UCC refers to a common set of laws that are applicable to all Indian citizens, and is not based on religion in dealing with marriage, divorce, inheritance, and adoption, among other personal matters. “Today is an important day for Uttarakhand. We have passed a bill that people across the country have been demanding for a long time, and Uttarakhand is the first to pass it. I want to thank all the MLAs, and the people of Uttarakhand who gave us a chance to come to power and eventually pass the bill,” Uttarakhand Chief Minister Pushkar Singh Dhami told reporters outside the assembly.

Speaking on the Bill before its passage, Mr Dhami said it was not an ordinary legislation. The UCC would create equal laws for men and women across all faiths and will help create a non-partisan and non-discriminatory society, he said. It will especially protect the rights of women and put an end to their exploitation, Mr Dhami said. “It fulfils a commitment we had made to the people of the state in the run-up to the 2022 assembly polls,” the chief minister said.

The Chief Minister said the bill was not against anyone, but for the benefit of everyone, especially women. “This bill was not passed against anyone. It will give the right to equality to everyone without any discrimination on matters like marriage, maintenance, inheritance, and divorce… It will mainly remove discrimination against women,” the Chief Minister said.

In Uttarakhand, it was a pre-poll promise that Chief Minister Pushkar Singh Dhami had made. While exempting the tribal community from its purview, the Bill proposes a common law on marriage, divorce, inheritance of property and live-in relationships for all citizens, irrespective of their religion. Coming just ahead of the Lok Sabha elections, it ticks off an important item on the BJP’s agenda. The Bill imposes stringent terms on a consensual relationship between adults and raises constitutional concerns of privacy and personal liberty.

Essentially, the Bill seeks to equate heterosexual live-in relationships to the status of a marriage. A separate chapter in the proposed Code deals with live-in relationships, defining them as a “relationship between a man and a woman” (partners) who “cohabit in a shared household through a relationship in the nature of marriage, provided that such relations are not prohibited.”

Mr Dhami said the UCC can be amended in future if the need to add a specific clause arises. The bill excludes population control measures and the Scheduled Tribes, constituting 3 per cent of Uttarakhand’s population.

BR Ambedkar’s grandson Prakash Ambedkar, who heads the Vanchit Bahujan Aghadi, said parliament cannot “impose” the UCC on citizens as the Constitution gives a person religious freedom. He said Articles 25 and 26 of the Constitution give a person the freedom to adopt a religious life as long as it doesn’t conflict with any fundamental rights. Besides, the government cannot “impose” UCC unless it changes the Constitution completely, he said.

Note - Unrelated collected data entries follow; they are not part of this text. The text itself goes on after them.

(* Let $K$ be a Barański sponge in $\mathbb R^d$ and let $\mathbf w,\mathbf w'\in\mathcal D^*$ with $|\mathbf w|=|\mathbf w'|$ be such that $\pi(\mathbf w)-\pi(\mathbf w')$ is a nonzero $0$-$\pm1$ vector. Then $\psi_{\mathbf w}(K)\cap\psi_{\mathbf w'}(K)\ne\varnothing$ if and only if $\pi(\mathbf w)-\pi(\mathbf w')\in\mathcal E_{\,d-|\pi(\mathbf w)-\pi(\mathbf w')|}$.
   Context: Let $d\ge2$, integers $N_1,\dots,N_d\ge2$, probability vectors $(p_{i,1},\dots,p_{i,N_i})$ (positive entries summing to 1), $q_{i,1}=0$, $q_{i,j}=\sum_{\ell<j}p_{i,\ell}$. Let $\mathcal D\subset\{(j_1,\dots,j_d):1\le j_i\le N_i\}$ with $1<|\mathcal D|<\prod_iN_i$; for $w=(j_1,\dots,j_d)\in\mathcal D$, $\psi_w(x_1,\dots,x_d)=(p_{1,j_1}x_1+q_{1,j_1},\dots,p_{d,j_d}x_d+q_{d,j_d})$; $K$ is the unique nonempty compact set with $K=\bigcup_{w\in\mathcal D}\psi_w(K)$. $\mathcal D^*$ is the set of nonempty finite words over $\mathcal D$, $|\mathbf w|$ the length, and $\psi_{w_1\cdots w_k}=\psi_{w_1}\circ\cdots\circ\psi_{w_k}$. Define $\pi_i:\mathcal D^*\to\mathbb Z_{\ge0}$ by $\pi_i((j_1,\dots,j_d))=j_i$ and $\pi_i(\mathbf w w)=N_i\pi_i(\mathbf w)+\pi_i(w)$ for $\mathbf w\in\mathcal D^*,w\in\mathcal D$; $\pi(\mathbf w)=(\pi_1(\mathbf w),\dots,\pi_d(\mathbf w))$. A $0$-$\pm1$ vector is $\alpha\in\mathbb Z^d$ with all $|\alpha_i|\le1$, and $|\alpha|=\sum_i|\alpha_i|$. $\mathcal E_0$ is the set of nonzero $0$-$\pm1$ vectors $\alpha$ with $((N_1-1)\alpha_1,\dots,(N_d-1)\alpha_d)\in\mathcal D-\mathcal D$; for $1\le t\le d-1$, $\mathcal E_t$ is the set of nonzero $0$-$\pm1$ vectors $\alpha$ for which there is $e\in\mathcal D-\mathcal D$ with $(N_1\alpha_1,\dots,N_d\alpha_d)+e\in\bigcup_{k=0}^{t-1}\mathcal E_k$. Here $\mathcal D-\mathcal D=\{u-v:u,v\in\mathcal D\}$. *)

theory Defs
  imports "HOL-Analysis.Analysis"
begin

text \<open>Coordinates are indexed by a finite type 'n with d = CARD('n).
  A digit is a function 'n => nat (the tuple (j_1,...,j_d)), 1-based.\<close>

definition q_sp :: "('n \<Rightarrow> nat \<Rightarrow> real) \<Rightarrow> 'n \<Rightarrow> nat \<Rightarrow> real" where
  "q_sp p i j = (\<Sum>l\<in>{1..<j}. p i l)"

definition psi_digit :: "('n \<Rightarrow> nat \<Rightarrow> real) \<Rightarrow> ('n \<Rightarrow> nat) \<Rightarrow> real^'n \<Rightarrow> real^'n" where
  "psi_digit p w x = (\<chi> i. p i (w i) * x $ i + q_sp p i (w i))"

definition psi_word :: "('n \<Rightarrow> nat \<Rightarrow> real) \<Rightarrow> ('n \<Rightarrow> nat) list \<Rightarrow> real^'n \<Rightarrow> real^'n" where
  "psi_word p ws = foldr (\<lambda>w f. psi_digit p w \<circ> f) ws id"

definition pi_word :: "('n \<Rightarrow> nat) \<Rightarrow> ('n \<Rightarrow> nat) list \<Rightarrow> 'n \<Rightarrow> int" where
  "pi_word N ws i = foldl (\<lambda>acc w. int (N i) * acc + int (w i)) 0 ws"

definition zpm_vec :: "('n \<Rightarrow> int) \<Rightarrow> bool" where
  "zpm_vec \<alpha> \<longleftrightarrow> (\<forall>i. \<bar>\<alpha> i\<bar> \<le> 1)"

definition zpm_norm :: "('n::finite \<Rightarrow> int) \<Rightarrow> nat" where
  "zpm_norm \<alpha> = (\<Sum>i\<in>UNIV. nat \<bar>\<alpha> i\<bar>)"

definition diff_set :: "('n \<Rightarrow> nat) set \<Rightarrow> ('n \<Rightarrow> int) set" where
  "diff_set D = {(\<lambda>i. int (u i) - int (v i)) | u v. u \<in> D \<and> v \<in> D}"

fun E_set :: "('n \<Rightarrow> nat) \<Rightarrow> ('n \<Rightarrow> nat) set \<Rightarrow> nat \<Rightarrow> ('n \<Rightarrow> int) set" where
  "E_set N D 0 = {\<alpha>. zpm_vec \<alpha> \<and> (\<exists>i. \<alpha> i \<noteq> 0) \<and> (\<lambda>i. (int (N i) - 1) * \<alpha> i) \<in> diff_set D}"
| "E_set N D (Suc t) = {\<alpha>. zpm_vec \<alpha> \<and> (\<exists>i. \<alpha> i \<noteq> 0) \<and>
     (\<exists>e\<in>diff_set D. (\<lambda>i. int (N i) * \<alpha> i + e i) \<in> (\<Union>k\<le>t. E_set N D k))}"

end

theory Submission
  imports Defs
begin

text \<open>In coordinate i the map \<open>\<psi>\<^sub>w\<close> is \<open>x \<mapsto> P\<^sub>w x + Q\<^sub>w\<close>, and the intervals
  \<open>[Q\<^sub>w, Q\<^sub>w + P\<^sub>w]\<close> of words of a fixed length tile [0,1] in the order given by \<open>\<pi>\<^sub>i(w)\<close>.
  Since K lies in the unit cube, for a 0-\<open>\<pm>\<close>1 vector \<open>\<alpha> = \<pi>(w) - \<pi>(w')\<close> we get
  \<open>\<psi>\<^sub>w(x) = \<psi>\<^sub>w\<^sub>'(y)\<close> iff \<open>y = x + \<alpha>\<close>, so the two images meet iff K meets \<open>K - \<alpha>\<close>.
  If \<open>x \<in> \<psi>\<^sub>u(K)\<close> and \<open>x + \<alpha> \<in> \<psi>\<^sub>v(K)\<close>, the preimages differ by
  \<open>\<beta> = N\<alpha> + (u - v)\<close>, again a 0-\<open>\<pm>\<close>1 vector agreeing with \<open>\<alpha>\<close> on its support. Either
  \<open>\<beta> = \<alpha>\<close>, i.e. \<open>(N - 1)\<alpha> = v - u\<close>, or \<open>\<beta>\<close> has strictly larger support, which drives an
  induction on \<open>d - |\<alpha>|\<close>. Conversely the fixed points of \<open>\<psi>\<^sub>u\<close> and \<open>\<psi>\<^sub>v\<close> realise the
  vectors of \<open>\<E>\<^sub>0\<close>, and translates lift along the same relation.\<close>

lemma digit_expansion_eq_0:
  fixes A :: int
  assumes "1 \<le> x" "x \<le> n" "1 \<le> y" "y \<le> n" "int n * A + int x - int y = 0"
  shows "A = 0 \<and> x = y"
proof -
  have "A = 0"
  proof (rule ccontr)
    assume "A \<noteq> 0"
    hence "int n * 1 \<le> int n * \<bar>A\<bar>" by (intro mult_left_mono) auto
    hence "int n \<le> \<bar>int n * A\<bar>" by (simp add: abs_mult)
    with assms show False by linarith
  qed
  with assms show ?thesis by simp
qed

lemma digit_expansion_eq_1:
  fixes A :: int
  assumes "1 \<le> x" "x \<le> n" "1 \<le> y" "y \<le> n" "int n * A + int x - int y = 1"
  shows "(A = 0 \<and> x = Suc y) \<or> (A = 1 \<and> x = 1 \<and> y = n)"
proof -
  have "A = 0 \<or> A = 1"
  proof (rule ccontr)
    assume "\<not> (A = 0 \<or> A = 1)"
    hence "A \<ge> 2 \<or> A \<le> -1" by auto
    hence "int n * A \<ge> int n * 2 \<or> int n * A \<le> int n * (-1)"
      using mult_left_mono of_nat_0_le_iff by metis
    with assms show False by linarith
  qed
  with assms show ?thesis by auto
qed

lemma shifted_digit_eq:
  fixes a :: int
  assumes "1 \<le> u" "u \<le> n" "1 \<le> v" "v \<le> n" "\<bar>a\<bar> \<le> 1" "a \<noteq> 0"
    and "\<bar>int n * a + int u - int v\<bar> \<le> 1"
  shows "int n * a + int u - int v = a"
proof -
  have "a = 1 \<or> a = -1" using assms(5,6) by auto
  with assms show ?thesis by auto
qed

All India Muslim Personal Law Board (AIMPLB) disapproved of the UCC. Maulana Khalid Rasheed Farangi Mahali, Executive Member of AIMPLB, voiced his concern and questioned the nature of the ‘uniform code’ if any community was exempted. “As far as UCC is concerned, we are of the opinion that uniformity cannot be brought in every law and if you exempt any community from this UCC, how can it be called a uniform code?” the AIMPLB member said. “There was no need for any such Uniform Civil Code,” he added.